Gut colonization with CPE was associated with a specific gut dysbiosis, different from antibiotic-induced dysbiosis, depressed cellular lung immune response to P. aeruginosa infection, and worse outcomes. Faecal microbiota transplantation (FMT) restored the lung immune response and outcomes of lung infection without decolonizing the gut, demonstrating the involvement of gut dysbiosis (rather than the presence of K. pneumoniae) in altering the gut-lung axis. Likewise, restoration of outcomes by administration of short-chain fatty acids (SCFA), previously reported to protect against lung infection3, provides a possible link between gut dysbiosis and lung immunity in our model. The main finding is that gut colonization by CPE, specifically carbapenemase-producing K. pneumoniae in our model, may not be the “silent” phenomenon it is usually considered to be, and this associated gut dysbiosis may impede responses to infection with worse outcomes.
Are there data suggesting these findings may extrapolate to real-life patients? While studies in the intensive care unit show an increased death rate in patients colonized with CPE, these colonized patients include those who ultimately develop infections due to CPE, which are challenging to treat due to multidrug resistance and have understandably poorer outcomes4. The most compelling clues are found outside of the ICU. In a study of the gut microbiome composition of 7211 adults in Finland with a 15-year long-term follow-up through access to electronic medical records, an increased abundance of Enterobacterales in the gut was associated with higher all-cause mortality and higher mortality from respiratory causes5. Another study comparing the gut microbiota of hospitalized internal medicine patients colonized or not with CPE showed that CPE-colonized patients had a more pronounced gut dysbiosis than non-colonized patients, despite both groups having been similarly exposed to antibiotics1. Interestingly, twofold more bacteraemia was found in the CPE carriers than in the noncarriers and was not exclusively Enterobacterales1. This is similar to our finding that among the worse outcomes of P. aeruginosa lung infection in mice with CPE colonization-associated gut dysbiosis was increased dissemination of P. aeruginosa to the spleen.
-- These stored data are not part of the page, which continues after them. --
(* Let $\ell\ge2$, $r_0,\dots,r_\ell\ge1$ integers, $d_0,\dots,d_\ell$ integers with $d_V=\sum_kd_k=0$, and $\mathbf{g}\ge1$ an integer. Then, as $c\to+\infty$, the quantity $\mathring{\mathfrak{F}}(c)$ defined in the context has an asymptotic expansion $$\mathring{\mathfrak{F}}(c)=(\mu_0-\mu_1)\Big(Fut_1\,c+Fut_2+\frac{Fut_3}{c}+\frac{Fut_4}{c^2}+\cdots\Big),$$ where the real coefficients $Fut_i$ depend only on the $r_k$, $d_k$ and $\mathbf{g}$, and $$Fut_1=\frac{2\pi_R^2r_Vr_0r_1}{(r_V-1)!(r_V+1)!(r_0+r_1)}>0,\qquad Fut_2=\frac{2r_0r_1\pi_R^2}{(r_V-1)!(r_V+2)!(r_0+r_1)}\big[(r_V+2)(\mathbf{g}-1)+2r_V\mu_{01}\big],$$ with $\mu_{01}=\frac{d_0+d_1}{r_0+r_1}$.
   Context: $\mu_k=d_k/r_k$, $r_V=\sum_kr_k$, $\pi_R=\prod_k(r_k-1)!$, $c$ real with $c>\max_k\mu_k$. For $1\le j\ne k\le\ell$: $\alpha_0=\frac{\pi_R}{r_V!}(cr_V-d_V)$, $\alpha_j=\frac{\pi_R}{(r_V+1)!}r_j(c(r_V+1)-d_V-\mu_j)$, $\alpha_{jk}=\frac{\pi_R}{(r_V+2)!}r_jr_k(c(r_V+2)-d_V-\mu_j-\mu_k)$, $\alpha_{jj}=\frac{\pi_R}{(r_V+2)!}r_j(r_j+1)(c(r_V+2)-d_V-2\mu_j)$, $\beta_0=\frac{\pi_R}{(r_V-1)!}((r_V-1)r_Vc+2(1-\mathbf{g})-(r_V-1)d_V)$, $\beta_j=\frac{\pi_Rr_j}{r_V!}(r_V(r_V-1)c+2(1-\mathbf{g})-d_V(r_V-2)-r_V\mu_j)$. $A$ is the $(\ell-1)\times(\ell-1)$ matrix $A_{ij}=\alpha_{ij}-\alpha_i\alpha_j/\alpha_0$, $2\le i,j\le\ell$ (invertible for $c>\max\mu_k$), and $\mathring{\mathfrak{F}}(c)=(\alpha_0\beta_1-\alpha_1\beta_0)-\sum_{j,r=2}^\ell(A^{-1})_{rj}(\alpha_0\beta_r-\alpha_r\beta_0)\big(\alpha_{j1}-\frac{\alpha_1\alpha_j}{\alpha_0}\big)$. *)

theory Defs
  imports Complex_Main "HOL-Library.Landau_Symbols" "Jordan_Normal_Form.Gauss_Jordan_Elimination"
begin

definition mu :: "(nat \<Rightarrow> nat) \<Rightarrow> (nat \<Rightarrow> int) \<Rightarrow> nat \<Rightarrow> real" where
  "mu r d k = real_of_int (d k) / real (r k)"

definition rV :: "nat \<Rightarrow> (nat \<Rightarrow> nat) \<Rightarrow> nat" where
  "rV l r = (\<Sum>k\<le>l. r k)"

definition dV :: "nat \<Rightarrow> (nat \<Rightarrow> int) \<Rightarrow> real" where
  "dV l d = real_of_int (\<Sum>k\<le>l. d k)"

definition piR :: "nat \<Rightarrow> (nat \<Rightarrow> nat) \<Rightarrow> real" where
  "piR l r = (\<Prod>k\<le>l. fact (r k - 1))"

definition alpha0 :: "nat \<Rightarrow> (nat \<Rightarrow> nat) \<Rightarrow> (nat \<Rightarrow> int) \<Rightarrow> real \<Rightarrow> real" where
  "alpha0 l r d c = piR l r / fact (rV l r) * (c * real (rV l r) - dV l d)"

definition alpha1 :: "nat \<Rightarrow> (nat \<Rightarrow> nat) \<Rightarrow> (nat \<Rightarrow> int) \<Rightarrow> real \<Rightarrow> nat \<Rightarrow> real" where
  "alpha1 l r d c j = piR l r / fact (rV l r + 1) * real (r j)
     * (c * (real (rV l r) + 1) - dV l d - mu r d j)"

definition alpha2 :: "nat \<Rightarrow> (nat \<Rightarrow> nat) \<Rightarrow> (nat \<Rightarrow> int) \<Rightarrow> real \<Rightarrow> nat \<Rightarrow> nat \<Rightarrow> real" where
  "alpha2 l r d c j k =
     (if j = k then piR l r / fact (rV l r + 2) * real (r j) * (real (r j) + 1)
                      * (c * (real (rV l r) + 2) - dV l d - 2 * mu r d j)
      else piR l r / fact (rV l r + 2) * real (r j) * real (r k)
                      * (c * (real (rV l r) + 2) - dV l d - mu r d j - mu r d k))"

definition beta0 :: "nat \<Rightarrow> (nat \<Rightarrow> nat) \<Rightarrow> (nat \<Rightarrow> int) \<Rightarrow> int \<Rightarrow> real \<Rightarrow> real" where
  "beta0 l r d g c = piR l r / fact (rV l r - 1)
     * ((real (rV l r) - 1) * real (rV l r) * c + 2 * (1 - real_of_int g)
        - (real (rV l r) - 1) * dV l d)"

definition beta1 :: "nat \<Rightarrow> (nat \<Rightarrow> nat) \<Rightarrow> (nat \<Rightarrow> int) \<Rightarrow> int \<Rightarrow> real \<Rightarrow> nat \<Rightarrow> real" where
  "beta1 l r d g c j = piR l r * real (r j) / fact (rV l r)
     * (real (rV l r) * (real (rV l r) - 1) * c + 2 * (1 - real_of_int g)
        - dV l d * (real (rV l r) - 2) - real (rV l r) * mu r d j)"

text \<open>The (l-1)x(l-1) matrix A, with row/column index i (0-based) standing for vertex i+2.\<close>
definition Amat :: "nat \<Rightarrow> (nat \<Rightarrow> nat) \<Rightarrow> (nat \<Rightarrow> int) \<Rightarrow> real \<Rightarrow> real mat" where
  "Amat l r d c = mat (l - 1) (l - 1) (\<lambda>(i, j).
      alpha2 l r d c (i + 2) (j + 2)
      - alpha1 l r d c (i + 2) * alpha1 l r d c (j + 2) / alpha0 l r d c)"

definition Fring :: "nat \<Rightarrow> (nat \<Rightarrow> nat) \<Rightarrow> (nat \<Rightarrow> int) \<Rightarrow> int \<Rightarrow> real \<Rightarrow> real" where
  "Fring l r d g c =
     (let a0 = alpha0 l r d c; b0 = beta0 l r d g c;
          a = alpha1 l r d c; b = beta1 l r d g c; Ainv = the (mat_inverse (Amat l r d c))
      in (a0 * b 1 - a 1 * b0)
         - (\<Sum>j\<in>{2..l}. \<Sum>s\<in>{2..l}. Ainv $$ (s - 2, j - 2) * (a0 * b s - a s * b0)
                 * (alpha2 l r d c j 1 - a 1 * a j / a0)))"

end

theory Submission
  imports Defs "HOL-Analysis.FPS_Convergence" "Jordan_Normal_Form.Determinant"
begin

unbundle no vec_syntax

text \<open>Since \<open>d\<^sub>V = 0\<close>, all the \<open>\<alpha>\<close>'s and \<open>\<beta>\<close>'s are explicit in the weights
  \<open>w\<^sub>j = (r\<^sub>V + 2) c - 2 \<mu>\<^sub>j\<close>: one has \<open>\<alpha>\<^sub>0 \<beta>\<^sub>k - \<alpha>\<^sub>k \<beta>\<^sub>0 = \<gamma>(c) d\<^sub>k\<close>, and \<open>A\<close> is a diagonal
  matrix plus a rank-two term, \<open>A\<^sub>i\<^sub>j = \<kappa> r\<^sub>i (\<delta>\<^sub>i\<^sub>j w\<^sub>i + r\<^sub>j B(w\<^sub>i, w\<^sub>j))\<close> with \<open>B\<close> a bilinear form in
  \<open>(1, w)\<close>. Hence \<open>A\<^sup>-\<^sup>1\<close> maps the column \<open>(A\<^sub>j\<^sub>1)\<close> to a vector \<open>\<alpha> + \<beta> / w\<^sub>j\<close> whose two
  parameters solve a \<open>2 \<times> 2\<close> system for the moments \<open>\<Sum> r\<^sub>j y\<^sub>j\<close> and \<open>\<Sum> r\<^sub>j w\<^sub>j y\<^sub>j\<close>.
  Cramer's rule and two polynomial identities then give \<open>F(c) = (\<mu>\<^sub>0 - \<mu>\<^sub>1) c H(1/c)\<close> for a
  function \<open>H\<close> that is analytic at \<open>0\<close>, so the expansion is the Taylor expansion of \<open>H\<close>;
  its first two coefficients come from the power series of numerator and denominator.\<close>

section \<open>Diagonal matrices perturbed by a rank-two term\<close>

lemma cramer_2x2:
  fixes a11 a12 a21 a22 e1 e2 x y :: "'a::field"
  assumes "a11 * a22 - a12 * a21 \<noteq> 0"
  shows "a11 * x + a12 * y = e1 \<and> a21 * x + a22 * y = e2 \<longleftrightarrow>
    x = (e1 * a22 - a12 * e2) / (a11 * a22 - a12 * a21) \<and>
    y = (a11 * e2 - a21 * e1) / (a11 * a22 - a12 * a21)"
proof -
  define D where "D = a11 * a22 - a12 * a21"
  have "a11 * x + a12 * y = e1 \<and> a21 * x + a22 * y = e2 \<longleftrightarrow>
      D * x = e1 * a22 - a12 * e2 \<and> D * y = a11 * e2 - a21 * e1"
  proof
    assume "a11 * x + a12 * y = e1 \<and> a21 * x + a22 * y = e2"
    then show "D * x = e1 * a22 - a12 * e2 \<and> D * y = a11 * e2 - a21 * e1"
      by (auto simp: D_def algebra_simps)
  next
    assume xy: "D * x = e1 * a22 - a12 * e2 \<and> D * y = a11 * e2 - a21 * e1"
    have "D * (a11 * x + a12 * y) = a11 * (D * x) + a12 * (D * y)"
      by (simp add: algebra_simps)
    also have "\<dots> = a11 * (e1 * a22 - a12 * e2) + a12 * (a11 * e2 - a21 * e1)"
      using xy by simp
    also have "\<dots> = D * e1"
      by (simp add: D_def algebra_simps)
    finally have eq1: "D * (a11 * x + a12 * y) = D * e1" .
    have "D * (a21 * x + a22 * y) = a21 * (D * x) + a22 * (D * y)"
      by (simp add: algebra_simps)
    also have "\<dots> = a21 * (e1 * a22 - a12 * e2) + a22 * (a11 * e2 - a21 * e1)"
      using xy by simp
    also have "\<dots> = D * e2"
      by (simp add: D_def algebra_simps)
    finally have eq2: "D * (a21 * x + a22 * y) = D * e2" .
    from eq1 eq2 show "a11 * x + a12 * y = e1 \<and> a21 * x + a22 * y = e2"
      using assms by (simp add: D_def)
  qed
  also have "\<dots> \<longleftrightarrow> x = (e1 * a22 - a12 * e2) / D \<and> y = (a11 * e2 - a21 * e1) / D"
    using assms by (simp add: D_def field_simps)
  finally show ?thesis
    by (simp add: D_def)
qed

lemma mat_inverse_injective:
  fixes A :: "'a::field mat"
  assumes A: "A \<in> carrier_mat n n"
    and inj: "\<And>v. v \<in> carrier_vec n \<Longrightarrow> A *\<^sub>v v = 0\<^sub>v n \<Longrightarrow> v = 0\<^sub>v n"
  shows "the (mat_inverse A) \<in> carrier_mat n n" and "the (mat_inverse A) * A = 1\<^sub>m n"
proof -
  have "det A \<noteq> 0"
    using inj det_0_iff_vec_prod_zero_field[OF A] by blast
  then have "A \<in> Units (ring_mat TYPE('a) n ())"
    by (rule det_non_zero_imp_unit[OF A])
  then obtain B where "mat_inverse A = Some B"
    using mat_inverse(1)[OF A, where b = "()"] by blast
  then show "the (mat_inverse A) \<in> carrier_mat n n" and "the (mat_inverse A) * A = 1\<^sub>m n"
    using mat_inverse(2)[OF A] by auto
qed

lemma mat_inverse_mult_vec:
  fixes A :: "'a::field mat"
  assumes A: "A \<in> carrier_mat n n"
    and inj: "\<And>v. v \<in> carrier_vec n \<Longrightarrow> A *\<^sub>v v = 0\<^sub>v n \<Longrightarrow> v = 0\<^sub>v n"
    and y: "y \<in> carrier_vec n" and Ay: "A *\<^sub>v y = b"
  shows "the (mat_inverse A) *\<^sub>v b = y"
proof -
  have "the (mat_inverse A) *\<^sub>v b = (the (mat_inverse A) * A) *\<^sub>v y"
    using Ay assoc_mult_mat_vec[OF mat_inverse_injective(1)[OF A inj] A y] by simp
  then show ?thesis
    using mat_inverse_injective(2)[OF A inj] y by simp
qed

definition diag_rank_two_mat ::
    "nat \<Rightarrow> (nat \<Rightarrow> 'a) \<Rightarrow> (nat \<Rightarrow> 'a) \<Rightarrow> (nat \<Rightarrow> 'a) \<Rightarrow> 'a \<Rightarrow> 'a \<Rightarrow> 'a \<Rightarrow> 'a::field mat" where
  "diag_rank_two_mat m \<kappa> \<rho> w p q s = Matrix.mat m m (\<lambda>(i, j).
     \<kappa> i * ((if i = j then w i else 0) + \<rho> j * (p + q * (w i + w j) + s * w i * w j)))"

lemma diag_rank_two_mat_carrier: "diag_rank_two_mat m \<kappa> \<rho> w p q s \<in> carrier_mat m m"
  by (simp add: diag_rank_two_mat_def)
While restricted to K. pneumoniae, our model was not strain/carbapenemase specific since various strains with different carbapenemase resistance mechanisms (NDM-1, OXA-48, KPC) resulted in the same observations. Furthermore, the impact of colonization on the immune response to/outcomes of lung infection does not seem to depend solely on the presence in the gut of K. pneumoniae since FMT restored the control lung infection phenotype without decolonization.
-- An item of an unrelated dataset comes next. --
(* Consider the cache-aided packet-erasure broadcast network described in the context. For $t\in\{0,1,\dots,K_\mathrm{w}\}$ define \[ R_{t,\mathrm{sep}}:=F\left(\frac{K_\mathrm{w}-t}{(t+1)(1-\delta_\mathrm{w})}+\frac{K_\mathrm{s}}{1-\delta_\mathrm{s}}\right)^{-1},\qquad M_{t,\mathrm{sep}}:=D\frac{t}{K_\mathrm{w}}R_{t,\mathrm{sep}}. \] Then every point of the upper convex hull of $\{(M_{t,\mathrm{sep}},R_{t,\mathrm{sep}}):t=0,\dots,K_\mathrm{w}\}$ is achievable; that is, for every $M\in[0,M_{K_\mathrm{w},\mathrm{sep}}]$, \[ C(M)\ge\max\Big\{\sum_{t=0}^{K_\mathrm{w}}\lambda_tR_{t,\mathrm{sep}}:\lambda_t\ge0,\ \sum_t\lambda_t=1,\ \sum_t\lambda_tM_{t,\mathrm{sep}}=M\Big\}. \]
   Context: Setting (packet-erasure broadcast channel with receiver caches). Let $K_\mathrm{w},K_\mathrm{s}\ge1$ be integers, $K=K_\mathrm{w}+K_\mathrm{s}$, $D\ge K$ an integer, $F$ a positive integer, and $0<\delta_\mathrm{s}\le\delta_\mathrm{w}<1$. The channel is memoryless with input alphabet $\mathcal X=\{0,1\}^F$; receiver $k\in\{1,\dots,K\}$ observes $Y_k=x$ with probability $1-\delta_k$ and an erasure symbol $\Delta$ with probability $\delta_k$. Receivers $1,\dots,K_\mathrm{w}$ are weak ($\delta_k=\delta_\mathrm{w}$), receivers $K_\mathrm{w}+1,\dots,K$ are strong ($\delta_k=\delta_\mathrm{s}$). A library of $D$ independent messages $W_1,\dots,W_D$, each uniform on $\{1,\dots,\lfloor 2^{nR}\rfloor\}$. Caching phase (demands unknown): weak receiver $i$ stores $V_i=g_i(W_1,\dots,W_D)\in\{1,\dots,\lfloor2^{nM}\rfloor\}$; strong receivers have no cache. Delivery: an arbitrary demand vector $\mathbf d\in\{1,\dots,D\}^K$ is known to all; transmitter sends $X^n=f_{\mathbf d}(W_1,\dots,W_D)$; weak receiver $i$ decodes from $(Y_i^n,V_i)$, strong receiver $j$ from $Y_j^n$, each aiming at $W_{d_k}$. $(R,M)$ is achievable if for every $\epsilon>0$ there exist $n$ and such functions with worst-case (over all demand vectors) probability that some receiver errs $<\epsilon$. $C(M)$ is the supremum of achievable $R$ for memory $M$. *)

theory Defs
  imports "HOL-Probability.Probability"
begin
A specific CPE colonization-associated dysbiosis seems to be the key to our findings since a) clindamycin, which was used to provide the ecological niche for gut colonization by CPE, was associated with a different dysbiosis with no impact on P. aeruginosa lung infection outcomes, and b) FMT in CPE colonized mice did restore immune response and outcomes of P. aeruginosa lung infection, without reducing CPE loads (i.e., without ‘decolonizing’ the gut) within the study timeframe. Our results suggest an interplay between the dysbiotic niche provided by antibiotics for K. pneumoniae to colonize the gut in conjunction with the specific dysbiotic imbalance maintained by the presence of K. pneumoniae. Rebalancing the dysbiosis accompanying CPE gut colonization may be sufficient to mitigate the deleterious impact on the immune response to infection without requiring decolonization, which is difficult to achieve. In hospitalized patients colonized by multidrug-resistant bacteria, FMT significantly reduced the amount of bacteraemia despite modest rates of intestinal decolonization6. Future clinical trials should address the impact of FMT on patient outcomes, such as protection against invasive infection7.
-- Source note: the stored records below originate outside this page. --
(* Let $\mathcal C$ be an additive category and $\mathbb E\colon\mathcal C^{\mathrm{op}}\times\mathcal C\to\mathsf{Ab}$ a biadditive functor. Let $\alpha\in\mathbb E(C,A)$ and let $(e_A,e_C)\in\mathrm{End}_{\mathbb E\text{-}\mathrm{Ext}(\mathcal C)}(\alpha)$ be an idempotent. Then $e_A$ and $e_C$ split in $\mathcal C$ if and only if $(e_A,e_C)$ splits in $\mathbb E\text{-}\mathrm{Ext}(\mathcal C)$. In particular, if $\mathcal C$ is idempotent complete then so is $\mathbb E\text{-}\mathrm{Ext}(\mathcal C)$.
   Context: An idempotent $e\colon X\to X$ splits if there are $r\colon X\to Y$, $s\colon Y\to X$ with $sr=e$, $rs=1_Y$; a category is idempotent complete if every idempotent splits. Write $a_*\alpha=\mathbb E(C,a)(\alpha)$ and $c^*\beta=\mathbb E(c,A)(\beta)$. The category of extensions $\mathbb E\text{-}\mathrm{Ext}(\mathcal C)$ has as objects all elements $\alpha\in\mathbb E(C,A)$ for $A,C\in\mathcal C$; a morphism from $\alpha\in\mathbb E(C,A)$ to $\beta\in\mathbb E(D,B)$ is a pair $(a,c)$ of morphisms $a\colon A\to B$, $c\colon C\to D$ in $\mathcal C$ with $a_*\alpha=c^*\beta$; composition is componentwise and the identity of $\alpha$ is $(1_A,1_C)$. (A morphism $(e_A,e_C)\colon\alpha\to\alpha$ is idempotent iff $e_A$ and $e_C$ are idempotents in $\mathcal C$.) *)

theory Defs
  imports Main
begin

record ('o,'m) addcat =
  Ob  :: "'o set"
  Hom :: "'o \<Rightarrow> 'o \<Rightarrow> 'm set"
  cmp :: "'o \<Rightarrow> 'o \<Rightarrow> 'o \<Rightarrow> 'm \<Rightarrow> 'm \<Rightarrow> 'm"
    (* cmp X Y Z g f = g \<circ> f  for f : X \<rightarrow> Y, g : Y \<rightarrow> Z *)
  idt :: "'o \<Rightarrow> 'm"
  zro :: "'o \<Rightarrow> 'o \<Rightarrow> 'm"
  pls :: "'o \<Rightarrow> 'o \<Rightarrow> 'm \<Rightarrow> 'm \<Rightarrow> 'm"
  ngt :: "'o \<Rightarrow> 'o \<Rightarrow> 'm \<Rightarrow> 'm"

definition ab_grp :: "'a set \<Rightarrow> 'a \<Rightarrow> ('a \<Rightarrow> 'a \<Rightarrow> 'a) \<Rightarrow> ('a \<Rightarrow> 'a) \<Rightarrow> bool" where
  "ab_grp G z p n \<longleftrightarrow>
     z \<in> G \<and> (\<forall>x\<in>G. \<forall>y\<in>G. p x y \<in> G) \<and> (\<forall>x\<in>G. n x \<in> G) \<and>
     (\<forall>x\<in>G. \<forall>y\<in>G. \<forall>w\<in>G. p (p x y) w = p x (p y w)) \<and>
     (\<forall>x\<in>G. \<forall>y\<in>G. p x y = p y x) \<and>
     (\<forall>x\<in>G. p z x = x) \<and> (\<forall>x\<in>G. p (n x) x = z)"

definition is_category :: "('o,'m,'x) addcat_scheme \<Rightarrow> bool" where
  "is_category K \<longleftrightarrow>
     (\<forall>X\<in>Ob K. idt K X \<in> Hom K X X) \<and>
     (\<forall>X\<in>Ob K. \<forall>Y\<in>Ob K. \<forall>Z\<in>Ob K. \<forall>f\<in>Hom K X Y. \<forall>g\<in>Hom K Y Z.
        cmp K X Y Z g f \<in> Hom K X Z) \<and>
     (\<forall>W\<in>Ob K. \<forall>X\<in>Ob K. \<forall>Y\<in>Ob K. \<forall>Z\<in>Ob K.
        \<forall>f\<in>Hom K W X. \<forall>g\<in>Hom K X Y. \<forall>h\<in>Hom K Y Z.
        cmp K W Y Z h (cmp K W X Y g f) = cmp K W X Z (cmp K X Y Z h g) f) \<and>
     (\<forall>X\<in>Ob K. \<forall>Y\<in>Ob K. \<forall>f\<in>Hom K X Y.
        cmp K X Y Y (idt K Y) f = f \<and> cmp K X X Y f (idt K X) = f)"

definition is_preadditive :: "('o,'m,'x) addcat_scheme \<Rightarrow> bool" where
  "is_preadditive K \<longleftrightarrow> is_category K \<and>
     (\<forall>X\<in>Ob K. \<forall>Y\<in>Ob K. ab_grp (Hom K X Y) (zro K X Y) (pls K X Y) (ngt K X Y)) \<and>
     (\<forall>X\<in>Ob K. \<forall>Y\<in>Ob K. \<forall>Z\<in>Ob K. \<forall>f\<in>Hom K X Y. \<forall>f'\<in>Hom K X Y. \<forall>g\<in>Hom K Y Z. \<forall>g'\<in>Hom K Y Z.
        cmp K X Y Z (pls K Y Z g g') f = pls K X Z (cmp K X Y Z g f) (cmp K X Y Z g' f) \<and>
        cmp K X Y Z g (pls K X Y f f') = pls K X Z (cmp K X Y Z g f) (cmp K X Y Z g f'))"

definition is_additive :: "('o,'m,'x) addcat_scheme \<Rightarrow> bool" where
  "is_additive K \<longleftrightarrow> is_preadditive K \<and>
     (\<exists>Z\<in>Ob K. \<forall>X\<in>Ob K. Hom K Z X = {zro K Z X} \<and> Hom K X Z = {zro K X Z}) \<and>
     (\<forall>X\<in>Ob K. \<forall>Y\<in>Ob K. \<exists>P\<in>Ob K. \<exists>i1\<in>Hom K X P. \<exists>i2\<in>Hom K Y P.
        \<exists>p1\<in>Hom K P X. \<exists>p2\<in>Hom K P Y.
        cmp K X P X p1 i1 = idt K X \<and> cmp K Y P Y p2 i2 = idt K Y \<and>
        cmp K X P Y p2 i1 = zro K X Y \<and> cmp K Y P X p1 i2 = zro K Y X \<and>
        pls K P P (cmp K P X P i1 p1) (cmp K P Y P i2 p2) = idt K P)"

record ('o,'m,'e) bifun =
  Ev   :: "'o \<Rightarrow> 'o \<Rightarrow> 'e set"          (* Ev C A = E(C,A) *)
  ez   :: "'o \<Rightarrow> 'o \<Rightarrow> 'e"
  ep   :: "'o \<Rightarrow> 'o \<Rightarrow> 'e \<Rightarrow> 'e \<Rightarrow> 'e"
  en   :: "'o \<Rightarrow> 'o \<Rightarrow> 'e \<Rightarrow> 'e"
  push :: "'o \<Rightarrow> 'o \<Rightarrow> 'o \<Rightarrow> 'm \<Rightarrow> 'e \<Rightarrow> 'e"
    (* push C A B a \<alpha> = a_* \<alpha> = E(C,a)(\<alpha>), for a : A \<rightarrow> B, \<alpha> \<in> E(C,A) *)
  pull :: "'o \<Rightarrow> 'o \<Rightarrow> 'o \<Rightarrow> 'm \<Rightarrow> 'e \<Rightarrow> 'e"
    (* pull C D A c \<beta> = c^* \<beta> = E(c,A)(\<beta>), for c : C \<rightarrow> D, \<beta> \<in> E(D,A) *)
The results provided by our murine model question the reality of “asymptomatic” carriage of CPE that may in fact be associated with dysbiosis impacting patient outcomes. Furthermore, “decolonization” may not represent the main issue compared to rebalancing the microbiota through approaches such as faecal microbiota transplantation or rebalancing the immune response through immunomodulatory approaches.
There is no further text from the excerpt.